In Table 1, we report the computational time taken by the FOM and the ROM. In this case, we refer to the entire domain (and not only to the LAA region) in order to provide a fair comparison. All the simulations have been run on the SISSA HPC cluster Ulysses (200 TFLOPS, 2TB RAM, 7000 cores), the FOM ones in parallel using 16 processors while the ROM ones by using one processor only. Each FOM simulation takes roughly 3.75 h in terms of wall time, or 60 h in terms of total CPU time, while the online phase only needs a few seconds. Thus, the speed-up is of the order of \(10^5\) and the ROM is able to practically work in a real-time way. In Table 1, we also report the estimation of the time required for the computation of the POD basis and the RBF interpolation for sake of completeness. Such results are very promising and could push toward the transfer of ROM techniques in hospitals and surgery rooms by means of the development of user-friendly digital platforms to be accessed with portable devices, such as a smartphone or a tablet. In this context, we have designed the ATLAS project that allows computations to be run from standard web browsers. Further details could be found in Girfoglio et al. (2021).

Table 1 CPU time taken by the offline and the online phases related to the whole computational domain

5 Conclusions and perspectives

A data-driven ROM based on POD-RBF technique is adopted in this work for the analysis of the blood flow in a patient-specific domain of LA when AF occurs. Such approach extracts a reduced basis space from a proper set of high-fidelity solutions via POD and adopts RBF to compute the map between parameter space and reduced coefficients. The Newtonian and the Casson’s models for the rheology of the blood are employed and compared. We consider a physical parametric framework involving the scaling factor of the cardiac output (both for Newtonian and Casson’s case), the plasma viscosity and the hematocrit (for the Casson’s case).
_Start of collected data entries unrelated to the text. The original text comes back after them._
(* Let $L\ge 2$ and consider the tandem network of $L$ queues on a ring described in the context, in which a client served at queue $i$ moves to queue $i+1 \bmod L$. Fix $\lambda>0$ and, for each $i$, let $\pi_i^\lambda$ be a stationary probability distribution of the isolated queue $i$ fed by a Poisson arrival process of rate $\lambda$. Suppose that for every $i\in\{0,\dots,L-1\}$ and every $z_i\in E_i$ the following partial balance equations hold: $$\sum_{z\in V_i^+(z_i)}\mu(z)\,p_i^-(z,z_i)\,\pi_i^\lambda(z)=\lambda\,\pi_i^\lambda(z_i),$$ $$\mu(z_i)\pi_i^\lambda(z_i)+\sum_{z\in V_i^0(z_i)}q_i^0(z_i,z)\,\pi_i^\lambda(z_i)=\sum_{z\in V_i^-(z_i)}\lambda\,p_i^+(z,z_i)\,\pi_i^\lambda(z)+\sum_{z\in V_i^0(z_i)}q_i^0(z,z_i)\,\pi_i^\lambda(z).$$ Then for every integer $N\ge 0$ such that $Z_N:=\sum_{(z_0,\dots,z_{L-1})\in\Omega_N}\prod_{i}\pi_i^\lambda(z_i)>0$, where $\Omega_N=\{(z_0,\dots,z_{L-1})\in\prod_i E_i:\ \sum_i n(z_i)=N\}$, the probability measure on $\Omega_N$ $$P(z_0,\dots,z_{L-1})=\frac{\prod_{i=0}^{L-1}\pi_i^\lambda(z_i)}{Z_N}$$ (i.e. the product measure $\prod_i\pi_i^\lambda$ conditioned on the total number of clients being $N$) is a stationary distribution of the network dynamics restricted to $\Omega_N$.
   Context: Queues with stochastic service rates. Each queue $i\in\{0,\dots,L-1\}$ has a countable state space $E_i\subset\mathbb N\times\mathbb R_+$; a state $z=(n,\mu)$ records the number of clients $n=n(z)$ and the current service rate $\mu=\mu(z)$, with $\mu(z)=0$ whenever $n(z)=0$. Write $V_i^+(z)=\{z'\in E_i: n(z')=n(z)+1\}$, $V_i^-(z)=\{z'\in E_i:n(z')=n(z)-1\}$, $V_i^0(z)=\{z'\in E_i: n(z')=n(z)\}$. For each $i$ there are transition probabilities $p_i^+(z,\cdot)$ on $V_i^+(z)$ (for all $z$) and $p_i^-(z,\cdot)$ on $V_i^-(z)$ (for $n(z)\ge1$), each summing to $1$, and nonnegative internal rates $q_i^0(z,z')$, $z'\in V_i^0(z)$. The isolated queue $i$ with arrival rate $\lambda$ is the continuous-time Markov chain on $E_i$ with jump rates $q_i(z,z')=\lambda p_i^+(z,z')\mathbf 1_{z'\in V_i^+(z)}+\mu(z)p_i^-(z,z')\mathbf 1_{z'\in V_i^-(z)}+q_i^0(z,z')\mathbf 1_{z'\in V_i^0(z)}$. The network is the continuous-time Markov chain on $\prod_i E_i$ in which: (a) for each $i$ with $n(z_i)\ge1$, at rate $\mu(z_i)p_i^-(z_i,z')p_{i+1}^+(z_{i+1},z'')$ (indices mod $L$) the state changes by $z_i\to z'\in V_i^-(z_i)$ and simultaneously $z_{i+1}\to z''\in V_{i+1}^+(z_{i+1})$; (b) for each $i$, at rate $q_i^0(z_i,z')$ the state changes by $z_i\to z'\in V_i^0(z_i)$, other coordinates unchanged. Total jump rates out of each state are assumed finite. The total number of clients is conserved, so the dynamics preserves each $\Omega_N$. *)

theory Defs
  imports "HOL-Analysis.Analysis"
begin

text \<open>A queue state is a pair (n, mu): number of clients and current service rate.\<close>
type_synonym qstate = "nat \<times> real"

definition Vp :: "qstate set \<Rightarrow> qstate \<Rightarrow> qstate set" where
  "Vp E z = {z' \<in> E. fst z' = fst z + 1}"

definition Vm :: "qstate set \<Rightarrow> qstate \<Rightarrow> qstate set" where
  "Vm E z = {z' \<in> E. fst z' + 1 = fst z}"

definition V0 :: "qstate set \<Rightarrow> qstate \<Rightarrow> qstate set" where
  "V0 E z = {z' \<in> E. fst z' = fst z}"

definition iso_rate ::
  "qstate set \<Rightarrow> (qstate \<Rightarrow> qstate \<Rightarrow> real) \<Rightarrow> (qstate \<Rightarrow> qstate \<Rightarrow> real)
   \<Rightarrow> (qstate \<Rightarrow> qstate \<Rightarrow> real) \<Rightarrow> real \<Rightarrow> qstate \<Rightarrow> qstate \<Rightarrow> real" where
  "iso_rate E pp pm q0 lam z z' =
     (if z' \<in> Vp E z then lam * pp z z' else 0)
   + (if z' \<in> Vm E z then snd z * pm z z' else 0)
   + (if z' \<in> V0 E z then q0 z z' else 0)"

definition net_rate ::
  "nat \<Rightarrow> (nat \<Rightarrow> qstate set) \<Rightarrow> (nat \<Rightarrow> qstate \<Rightarrow> qstate \<Rightarrow> real)
   \<Rightarrow> (nat \<Rightarrow> qstate \<Rightarrow> qstate \<Rightarrow> real) \<Rightarrow> (nat \<Rightarrow> qstate \<Rightarrow> qstate \<Rightarrow> real)
   \<Rightarrow> (nat \<Rightarrow> qstate) \<Rightarrow> (nat \<Rightarrow> qstate) \<Rightarrow> real" where
  "net_rate L E pp pm q0 x y =
     (\<Sum>i<L. if 1 \<le> fst (x i)
                \<and> y = x(i := y i, Suc i mod L := y (Suc i mod L))
                \<and> y i \<in> Vm (E i) (x i)
                \<and> y (Suc i mod L) \<in> Vp (E (Suc i mod L)) (x (Suc i mod L))
             then snd (x i) * pm i (x i) (y i)
                  * pp (Suc i mod L) (x (Suc i mod L)) (y (Suc i mod L))
             else 0)
   + (\<Sum>i<L. if y = x(i := y i) \<and> y i \<in> V0 (E i) (x i)
             then q0 i (x i) (y i) else 0)"

definition stationary_dist :: "'s set \<Rightarrow> ('s \<Rightarrow> 's \<Rightarrow> real) \<Rightarrow> ('s \<Rightarrow> real) \<Rightarrow> bool" where
  "stationary_dist S q P \<longleftrightarrow>
     (\<forall>x\<in>S. 0 \<le> P x) \<and> (P has_sum 1) S \<and>
     (\<forall>x\<in>S. (q x) summable_on (S - {x}) \<and>
        ((\<lambda>y. P y * q y x) has_sum (P x * (\<Sum>\<^sub>\<infinity>y\<in>S - {x}. q x y))) (S - {x}))"

definition Omega :: "nat \<Rightarrow> (nat \<Rightarrow> qstate set) \<Rightarrow> nat \<Rightarrow> (nat \<Rightarrow> qstate) set" where
  "Omega L E N = {x \<in> PiE {..<L} E. (\<Sum>i<L. fst (x i)) = N}"

end

theory Submission
  imports Defs
begin

text \<open>
  Fix a configuration x with N clients.  The total rate out of x is the sum over the queues i of
  the service rate of queue i plus its internal jump rate; the probability flux into x splits in
  the same way into transfers from queue i to queue i+1 and internal jumps of queue i.  Under the
  product weight, the transfer flux i -> i+1 evaluates (by the first partial balance equation
  for queue i) to the arrival part of the flux into x(i+1), computed in the isolated queue i+1
  with a Poisson input of rate lam.  Re-indexing along the ring, the second partial balance
  equation of each queue then turns the total inflow into weight x times the total outflow.
  This is global balance for the unnormalised product weight; dividing by Z gives the theorem.
\<close>

text \<open>The sum of a product of two real summable families over a product set
  (absolute summability is automatic for real-valued unordered sums).\<close>

lemma has_sum_product:
  fixes f :: "'a \<Rightarrow> real" and g :: "'b \<Rightarrow> real"
  assumes f: "(f has_sum a) A" and g: "(g has_sum b) B"
  shows "((\<lambda>(u, v). f u * g v) has_sum (a * b)) (A \<times> B)"
proof -
  have abs_f: "(\<lambda>u. norm (f u)) summable_on A" and abs_g: "(\<lambda>v. norm (g v)) summable_on B"
    using f g summable_on_iff_abs_summable_on_real has_sum_imp_summable by blast+
  have "(\<lambda>p. norm ((\<lambda>(u, v). f u * g v) p)) summable_on A \<times> B"
  proof (rule Infinite_Sum.abs_summable_on_Sigma_iff[THEN iffD2], intro conjI ballI)
    fix u
    show "(\<lambda>v. norm ((\<lambda>(u, v). f u * g v) (u, v))) summable_on B"
      using summable_on_cmult_right[OF abs_g, of "norm (f u)"] by (simp add: abs_mult)
  next
    have "(\<lambda>u. norm (norm (f u) * (\<Sum>\<^sub>\<infinity>v\<in>B. norm (g v)))) summable_on A"
      using summable_on_cmult_left[OF abs_f] by (simp add: norm_mult infsum_nonneg)
    then show "(\<lambda>u. norm (\<Sum>\<^sub>\<infinity>v\<in>B. norm ((\<lambda>(u, v). f u * g v) (u, v)))) summable_on A"
      by (simp add: abs_mult infsum_cmult_right')
  qed
  then have "(\<lambda>(u, v). f u * g v) summable_on A \<times> B"
    by (rule abs_summable_summable)
  then show ?thesis
    using has_sum_SigmaI[where f="\<lambda>(u, v). f u * g v" and g="\<lambda>u. f u * b" and B="\<lambda>_. B"]
      has_sum_cmult_right[OF g] has_sum_cmult_left[OF f] by simp
qed

lemma has_sum_finite_family:
  fixes f :: "'i \<Rightarrow> 'a \<Rightarrow> real"
  assumes "finite I" and "\<And>i. i \<in> I \<Longrightarrow> (f i has_sum s i) A"
  shows "((\<lambda>y. \<Sum>i\<in>I. f i y) has_sum (\<Sum>i\<in>I. s i)) A"
  using assms by (induction I rule: finite_induct) (simp_all add: has_sum_add)

lemma has_sum_via_injection:
  fixes g :: "'a \<Rightarrow> real"
  assumes "inj_on h D" and "h ` D \<subseteq> S"
    and "\<And>y. y \<in> S \<Longrightarrow> y \<notin> h ` D \<Longrightarrow> g y = 0"
    and "((\<lambda>d. g (h d)) has_sum s) D"
  shows "(g has_sum s) S"
proof -
  have "(g has_sum s) (h ` D)"
    using has_sum_reindex[OF assms(1), of g s] assms(4) by (simp add: comp_def)
  then show ?thesis
    by (rule has_sum_cong_neutral[THEN iffD1, rotated -1]) (use assms(2,3) in auto)
qed

lemma infsum_remove_point:
  fixes f :: "'a \<Rightarrow> real"
  assumes "f summable_on A" and "z \<in> A"
  shows "infsum f A = f z + infsum f (A - {z})"
proof -
  have "infsum f (insert z (A - {z})) = f z + infsum f (A - {z})"
    using assms by (intro infsum_insert summable_on_subset[OF assms(1)]) auto
  then show ?thesis
    using assms(2) by (simp add: insert_absorb)
qed

lemma prod_fun_upd:
  fixes g :: "'i \<Rightarrow> 'a \<Rightarrow> 'b::comm_monoid_mult"
  assumes "finite A" and "i \<in> A"
  shows "(\<Prod>m\<in>A. g m ((x(i := a)) m)) = g i a * (\<Prod>m\<in>A - {i}. g m (x m))"
  using assms by (simp add: prod.remove)

lemma sum_fun_upd:
  fixes g :: "'i \<Rightarrow> 'a \<Rightarrow> 'b::comm_monoid_add"
  assumes "finite A" and "i \<in> A"
  shows "(\<Sum>m\<in>A. g m ((x(i := a)) m)) = g i a + (\<Sum>m\<in>A - {i}. g m (x m))"
  using assms by (simp add: sum.remove)

lemma prod_fun_upd2:
  fixes g :: "'i \<Rightarrow> 'a \<Rightarrow> 'b::comm_monoid_mult"
  assumes "finite A" and "i \<in> A" and "k \<in> A" and "i \<noteq> k"
  shows "(\<Prod>m\<in>A. g m ((x(i := a, k := b)) m)) = g i a * g k b * (\<Prod>m\<in>A - {i, k}. g m (x m))"
proof -
  have "(\<Prod>m\<in>A. g m ((x(i := a, k := b)) m)) = g k b * (\<Prod>m\<in>A - {k}. g m ((x(i := a)) m))"
    by (rule prod_fun_upd) (use assms in auto)
  also have "(\<Prod>m\<in>A - {k}. g m ((x(i := a)) m)) = g i a * (\<Prod>m\<in>A - {k} - {i}. g m (x m))"
    by (rule prod_fun_upd) (use assms in auto)
  also have "A - {k} - {i} = A - {i, k}" by auto
  finally show ?thesis by (simp only: ac_simps)
qed

lemma sum_fun_upd2:
  fixes g :: "'i \<Rightarrow> 'a \<Rightarrow> 'b::comm_monoid_add"
  assumes "finite A" and "i \<in> A" and "k \<in> A" and "i \<noteq> k"
  shows "(\<Sum>m\<in>A. g m ((x(i := a, k := b)) m)) = g i a + g k b + (\<Sum>m\<in>A - {i, k}. g m (x m))"
proof -
  have "(\<Sum>m\<in>A. g m ((x(i := a, k := b)) m)) = g k b + (\<Sum>m\<in>A - {k}. g m ((x(i := a)) m))"
    by (rule sum_fun_upd) (use assms in auto)
  also have "(\<Sum>m\<in>A - {k}. g m ((x(i := a)) m)) = g i a + (\<Sum>m\<in>A - {k} - {i}. g m (x m))"
    by (rule sum_fun_upd) (use assms in auto)
  also have "A - {k} - {i} = A - {i, k}" by auto
  finally show ?thesis by (simp only: ac_simps)
qed

lemma inj_on_fun_upd: "inj_on (\<lambda>a. x(i := a)) D"
  by (rule inj_onI) (metis fun_upd_same)

lemma inj_on_fun_upd2:
  assumes "i \<noteq> k"
  shows "inj_on (\<lambda>(a, b). x(i := a, k := b)) D"
proof (rule inj_onI, clarify)
  fix a b a' b' assume eq: "x(i := a, k := b) = x(i := a', k := b')"
  from fun_cong[OF eq, of i] fun_cong[OF eq, of k] assms show "a = a' \<and> b = b'" by auto
qed

lemma Omega_component: "y \<in> Omega L E N \<Longrightarrow> i < L \<Longrightarrow> y i \<in> E i"
  by (auto simp: Omega_def PiE_iff)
After an expensive offline phase, the POD-RBF approach demonstrated to be able to provide clinically relevant blood flow predictions for the problem at hand at a considerably lower computational cost. This indicates that in perspective such computational tool could be used in hospitals and surgery rooms to support the medical doctors. From a clinical point of view, the results showed that the distribution of the mean blood age is higher on the tip of LAA (regardless of whether the Newtonian model or the Casson’s model is employed) because this is the most isolated zone of the computational domain and the harder to wash.

The ROM described in the paper can be applied to various geometries of left atrium, with similar results, because POD-RBF is a general tool. However, the extrapolation to unknown geometries requires a geometrical parameterization, which is not included in this work, as it typically involves greater complexity and data requirements compared to physical parameterization. In perspective, an improvement of considerable relevance could be the exploration of the performance of the POD-RBF approach in a geometrical parametric setting by extending to our case study what carried out in Siena et al. (2023). Also, the influence of variable inflow conditions including flow splitting in the pulmonary veins will be studied. Another possible follow-up is represented by the development of a hybrid ROM Girfoglio et al. (2023); Hijazi et al. (2020), where a projection-based approach is introduced for the primal quantities of the problem, i.e., velocity and pressure. This introduces some physical constraints in the ROM model making it more accurate. Finally, nonlinear ROMs (see, e.g., Fresca et al. (2021); Milano and Koumoutsakos (2002); Lee and Carlberg (2020)) could be investigated.